The earliest responses at 7.5 h extend from lower altitudes into the MLT. Wave reflection, identified by opposite phase slope, is visible below ~40 km and downstream of x = 60 km (see the u, T′/T0, and ζy fields). Evidence of the anticipated nonhydrostatic behavior in the strong U0 from ~30 to 80 km for λx ~ 30 km is seen most clearly in w. At higher altitudes, very weak MWs are seen in the temperature and vorticity fields at altitudes close to the MW critical level at ~115 km. This fact indicates that the near critical level (U0 ~ 10 m s−1) at ~85 km does not act as a barrier for all wave scales. It does, however, locally compress the vertical wave scale and locally increase the wave amplitude to the extent that it becomes the site for the primary instability.

Increasing cross-mountain flow and especially the rapid nonhydrostatic MW vertical propagation result in much stronger MW and secondary wave responses at 8 h. Strong MW responses and associated instabilities accompanying breaking now extend from the Andes to ~150 km eastward. The dominant MW scale has increased to λx ~ 50–60 km, and there are now two strong breaking regions. Initial instabilities arise in the upward and westward phases of the MW, initiate vortex dynamics comprising a succession of vortices having large, negative ζy along the MW phase below having negative ζy, opposite maxima above and westward, that decouple from the unstable MW phase and are swept downstream (to the east) thereafter while undergoing vortex dynamics driving a rapid cascade to smaller turbulence scales. They now extend from below 60 to above 90 km, and their scales decrease with increasing altitude due to decreasing MW λz in decreasing |cU0| approaching the U0 minimum at ~85 km.

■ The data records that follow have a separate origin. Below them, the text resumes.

lemma heavy_plane_off_line_unique:
  assumes L: "pg_line L" "meet_card S L = q - 1" and P: "P \<in> S" "P \<subseteq> L"
    and H: "pg_plane H" "P \<subseteq> H" "\<not> L \<subseteq> H" "excess H \<noteq> 0"
    and H': "pg_plane H'" "P \<subseteq> H'" "\<not> L \<subseteq> H'" "excess H' \<noteq> 0"
  shows "H = H'"
proof -
  let ?off = "planes_through P - planes_through L"
  have "q * card {H \<in> ?off. excess H \<noteq> 0} \<le> (\<Sum>H\<in>?off. excess H)"
    using q_le_excess by (intro card_nonzero_le_sum) (auto simp: planes_through_def)
  also have "\<dots> = q * 1"
    using sum_excess_planes_through_point_off_line[OF P(1) L(1) P(2)] L(2) q_ge_2 by simp
  finally have "card {H \<in> ?off. excess H \<noteq> 0} \<le> 1" using q_ge_2 by simp
  moreover have "H \<in> {H \<in> ?off. excess H \<noteq> 0}" "H' \<in> {H \<in> ?off. excess H \<noteq> 0}"
    using H H' unfolding planes_through_def by auto
  ultimately show ?thesis using card_le_Suc0_iff_eq[of "{H \<in> ?off. excess H \<noteq> 0}"] by auto
qed

lemma meet_card_lt_if_heavy_planes_cover:
  assumes L: "pg_line L" and N: "pg_line N" "0 < meet_card S N"
    and cover: "\<And>P. P \<in> S \<Longrightarrow> P \<subseteq> L \<Longrightarrow>
      \<exists>H\<in>planes_through N. P \<subseteq> H \<and> \<not> L \<subseteq> H \<and> excess H \<noteq> 0"
  shows "meet_card S L < meet_card S N"
proof -
  define B where "B = {H \<in> planes_through N. \<not> L \<subseteq> H \<and> excess H \<noteq> 0}"
  have "\<forall>P\<in>{P \<in> S. P \<subseteq> L}. \<exists>H. H \<in> B \<and> P \<subseteq> H"
    using cover unfolding B_def by blast
  then obtain f where f: "\<forall>P\<in>{P \<in> S. P \<subseteq> L}. f P \<in> B \<and> P \<subseteq> f P"
    by (rule bchoice[elim_format]) blast
  have "inj_on f {P \<in> S. P \<subseteq> L}"
  proof (rule inj_onI, rule ccontr)
    fix P P' assume P: "P \<in> {P \<in> S. P \<subseteq> L}" and P': "P' \<in> {P \<in> S. P \<subseteq> L}"
      and "f P = f P'" "P \<noteq> P'"
    have fP: "f P \<in> B" "P \<subseteq> f P" "P' \<subseteq> f P"
      using f P P' \<open>f P = f P'\<close> by auto
    then have "vec.subspace (f P)" unfolding B_def planes_through_def pg_sub_def by simp
    moreover have "pg_point P" "pg_point P'" using P P' points by auto
    ultimately have "L \<subseteq> f P"
      using line_through_points_subset[OF _ _ \<open>P \<noteq> P'\<close> L] P P' fP(2,3) by blast
    with fP(1) show False unfolding B_def by blast
  qed
  then have "meet_card S L \<le> card B"
    unfolding meet_card_def using f by (intro card_inj_on_le) auto
  also have "\<dots> \<le> card {H \<in> planes_through N. excess H \<noteq> 0}"
    unfolding B_def by (intro card_mono) auto
  also have "\<dots> < meet_card S N" using card_heavy_planes_through_line[OF N] N(2) by simp
  finally show ?thesis .
qed
(* Let $S=\{p_1,\dots,p_m\}$ be a finite set of possibly partial probability distributions, all with the same total mass $\textsc{Mass}(S)>0$. Let $\textsc{OPT}_S$ be a minimum-entropy coupling of $S$. Then $$H(\textsc{OPT}_S)\ \ge\ H(\textsc{Profile}_S)\triangleq\int_0^{\textsc{Mass}(S)}\log_2\!\left(\frac{1}{\textsc{Profile}_S(x)}\right)dx .$$
   Context: A possibly partial distribution $p$ is a finite vector of nonnegative reals $p(1)\ge p(2)\ge\dots\ge p(n)$ (always sorted in non-increasing order) with total mass $\textsc{Mass}(p)=\sum_j p(j)\le 1$. A coupling of $p_1,\dots,p_m$ is a nonnegative array $\mathcal C(i_1,\dots,i_m)$ such that for every $k$ and every state $i_k$, the sum of $\mathcal C$ over all tuples with $k$-th coordinate $i_k$ equals $p_k(i_k)$. Its entropy is $H(\mathcal C)=\sum \mathcal C(i)\log_2(1/\mathcal C(i))$ (with $0\log(1/0)=0$); $\textsc{OPT}_S$ is a coupling of minimum entropy. For a possibly partial distribution $p$, $\textsc{Sketch}_p:(0,\textsc{Mass}(p)]\to\mathbb R$ is defined by $\textsc{Sketch}_p(x)=p(i)$ for $x\in\big(\sum_{j>i}p(j),\sum_{j\ge i}p(j)\big]$. The profile is $\textsc{Profile}_S(x)=\min_{p\in S}\textsc{Sketch}_p(x)$ for $x\in(0,\textsc{Mass}(S)]$. *)

theory Defs
  imports "HOL-Analysis.Analysis"
begin

definition partial_dist :: "real list \<Rightarrow> bool" where
  "partial_dist p \<longleftrightarrow> (\<forall>x\<in>set p. 0 \<le> x) \<and> sorted_wrt (\<ge>) p \<and> sum_list p \<le> 1"

definition mass :: "real list \<Rightarrow> real" where
  "mass p = sum_list p"

definition tuples :: "real list list \<Rightarrow> nat list set" where
  "tuples ps = {i. length i = length ps \<and> (\<forall>k<length ps. i ! k < length (ps ! k))}"

definition is_coupling :: "real list list \<Rightarrow> (nat list \<Rightarrow> real) \<Rightarrow> bool" where
  "is_coupling ps C \<longleftrightarrow>
     (\<forall>i\<in>tuples ps. 0 \<le> C i) \<and>
     (\<forall>k<length ps. \<forall>j<length (ps ! k).
        (\<Sum>i\<in>{i\<in>tuples ps. i ! k = j}. C i) = ps ! k ! j)"

definition entropy :: "real list list \<Rightarrow> (nat list \<Rightarrow> real) \<Rightarrow> real" where
  "entropy ps C = (\<Sum>i\<in>tuples ps. if C i = 0 then 0 else C i * log 2 (1 / C i))"

definition min_entropy_coupling :: "real list list \<Rightarrow> (nat list \<Rightarrow> real) \<Rightarrow> bool" where
  "min_entropy_coupling ps C \<longleftrightarrow>
     is_coupling ps C \<and> (\<forall>C'. is_coupling ps C' \<longrightarrow> entropy ps C \<le> entropy ps C')"

definition sketch :: "real list \<Rightarrow> real \<Rightarrow> real" where
  "sketch p x = p ! (THE i. i < length p \<and> sum_list (drop (Suc i) p) < x \<and> x \<le> sum_list (drop i p))"

definition profile :: "real list list \<Rightarrow> real \<Rightarrow> real" where
  "profile ps x = Min ((\<lambda>p. sketch p x) ` set ps)"

end

theory Submission
  imports Defs
begin

(* Sort the cell masses of a coupling C decreasingly into a list c.  Then H(C) is exactly the
   integral of log (1 / Sketch_c) over (0, M].  Every entry of a marginal p that is smaller than
   a threshold v is a sum of cells of C smaller than v, so the mass of p below v never exceeds
   the mass of c below v.  This majorisation forces Sketch_c(x) \<le> Sketch_p(x) for every x and
   every p, hence Sketch_c \<le> Profile_S, and comparing integrands gives the bound. *)

(* No case split at 0 is needed, since 1 / 0 = 0 makes the product vanish there. *)
definition entropy_term :: "real \<Rightarrow> real" where
  "entropy_term y = y * log 2 (1 / y)"

lemma entropy_term_nonneg:
  assumes "0 \<le> y" and "y \<le> 1"
  shows "0 \<le> entropy_term y"
proof (cases "y = 0")
  case False
  then have "0 < y" and "1 \<le> 1 / y"
    using assms by auto
  then have "0 \<le> log 2 (1 / y)"
    by simp
  then show ?thesis
    using assms(1) by (simp add: entropy_term_def)
qed (simp add: entropy_term_def)

definition below :: "real \<Rightarrow> real \<Rightarrow> real" where
  "below v y = (if y < v then y else 0)"

definition mass_below :: "real \<Rightarrow> real list \<Rightarrow> real" where
  "mass_below v p = sum_list (map (below v) p)"

lemma mass_below_append [simp]: "mass_below v (xs @ ys) = mass_below v xs + mass_below v ys"
  by (simp add: mass_below_def)

lemma mass_below_nonneg: "\<forall>y\<in>set p. 0 \<le> y \<Longrightarrow> 0 \<le> mass_below v p"
  unfolding mass_below_def by (intro sum_list_nonneg) (auto simp: below_def)

lemma mass_below_le_sum_list:
  assumes "\<forall>y\<in>set p. 0 \<le> y"
  shows "mass_below v p \<le> sum_list p"
proof -
  have "sum_list (map (below v) p) \<le> sum_list (map (\<lambda>y. y) p)"
    using assms by (intro sum_list_mono) (simp add: below_def)
  then show ?thesis
    by (simp add: mass_below_def)
qed

lemma sum_list_drop_antimono:
  fixes p :: "real list"
  assumes "\<forall>y\<in>set p. 0 \<le> y" and "i \<le> j"
  shows "sum_list (drop j p) \<le> sum_list (drop i p)"
proof -
  have "sum_list (drop i p) = sum_list (take (j - i) (drop i p)) + sum_list (drop (j - i) (drop i p))"
    by (simp only: append_take_drop_id flip: sum_list_append)
  also have "drop (j - i) (drop i p) = drop j p"
    using assms(2) by simp
  finally have "sum_list (drop i p) = sum_list (take (j - i) (drop i p)) + sum_list (drop j p)" .
  moreover have "0 \<le> sum_list (take (j - i) (drop i p))"
    using assms(1) by (intro sum_list_nonneg) (auto dest: in_set_takeD in_set_dropD)
  ultimately show ?thesis
    by linarith
qed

Additionally, there is now evidence for initial SGW and AW excitation in the MW breaking regions. SGWs having amplitudes of T′/T0 ~ 0.1–0.3 are seen extending more than 100 km upstream of the Andes and to altitudes well above 120 km (see the T′/T0 and ζy fields). Initial, roughly spherical AWs are also seen above the stronger instabilities from x ~ 40–150 km. These are most conspicuous in w, but are also seen in u and T′/T0. They exhibit rapid transitions from warm, rising phases to cooler, descending phases with increasing altitude and have w as large as ~50–100 m s−1 at this stage of the evolution. The positive correlation of w and T′/T0 for the AWs is distinct from the quadrature relations anticipated, and seen, for MWs and SGWs.

The MW field and its associated instabilities, SGWs, and AWs continue to intensify to 8.5 and 9 h as cross-mountain winds achieve 95% of their final magnitudes. Stronger forcing is seen to yield a further increase in the dominant MW scale to λx ~ 70 km, an upstream extension over the Andes at ~80–115 km including initial instabilities at z ~ 80 and 100 km, and instabilities and turbulence extending further downstream with increasing time at altitudes ~50–80 km.

SGWs increase in amplitude and propagate to the highest altitudes and far upstream and downstream in some cases at these times. Those propagating westward have λx ~ 70–150 km and phase speeds of ~80–200 m s−1. The slower of these approach critical levels where |cU| and λz decrease with increasing altitude below ~130 km and undergo instabilities and dissipation where |u′| ~ |cU|=z/(2π). Those having larger negative c outrun the westward tidal wind peak at ~130 km and refract to larger λz where |cU| increases at higher altitudes. SGWs are also seen propagating eastward, but these have very different character because of the large-scale U and T fields. The primary eastward-propagating SGW at these times has λx ~ 65 km and c ~ 220 m s−1, and exhibits ducting at ~90–110 km, an increasing amplitude in time, evolving instabilities accompanying the eastward u′ maxima and ζy minima, and additional laminar maxima that are in quadrature due to evanescence above ~120 km [see the movies of this evolution in the (x, z) plane in the accompanying materials]. The features enabling these eastward-propagating ducted SGWs are the m2 maxima seen for the gray line (for λx = 65 km and c = 220 m s−1) in Fig. 2f at ~105 and 110 km. This m2 maximum, and the negative m2 above and below, comprise a duct that occurs due to −Uzz/U > 0 at ~100 km and large N2/U2 at ~108 km; see the first two terms on the right-hand side of Eq. (11).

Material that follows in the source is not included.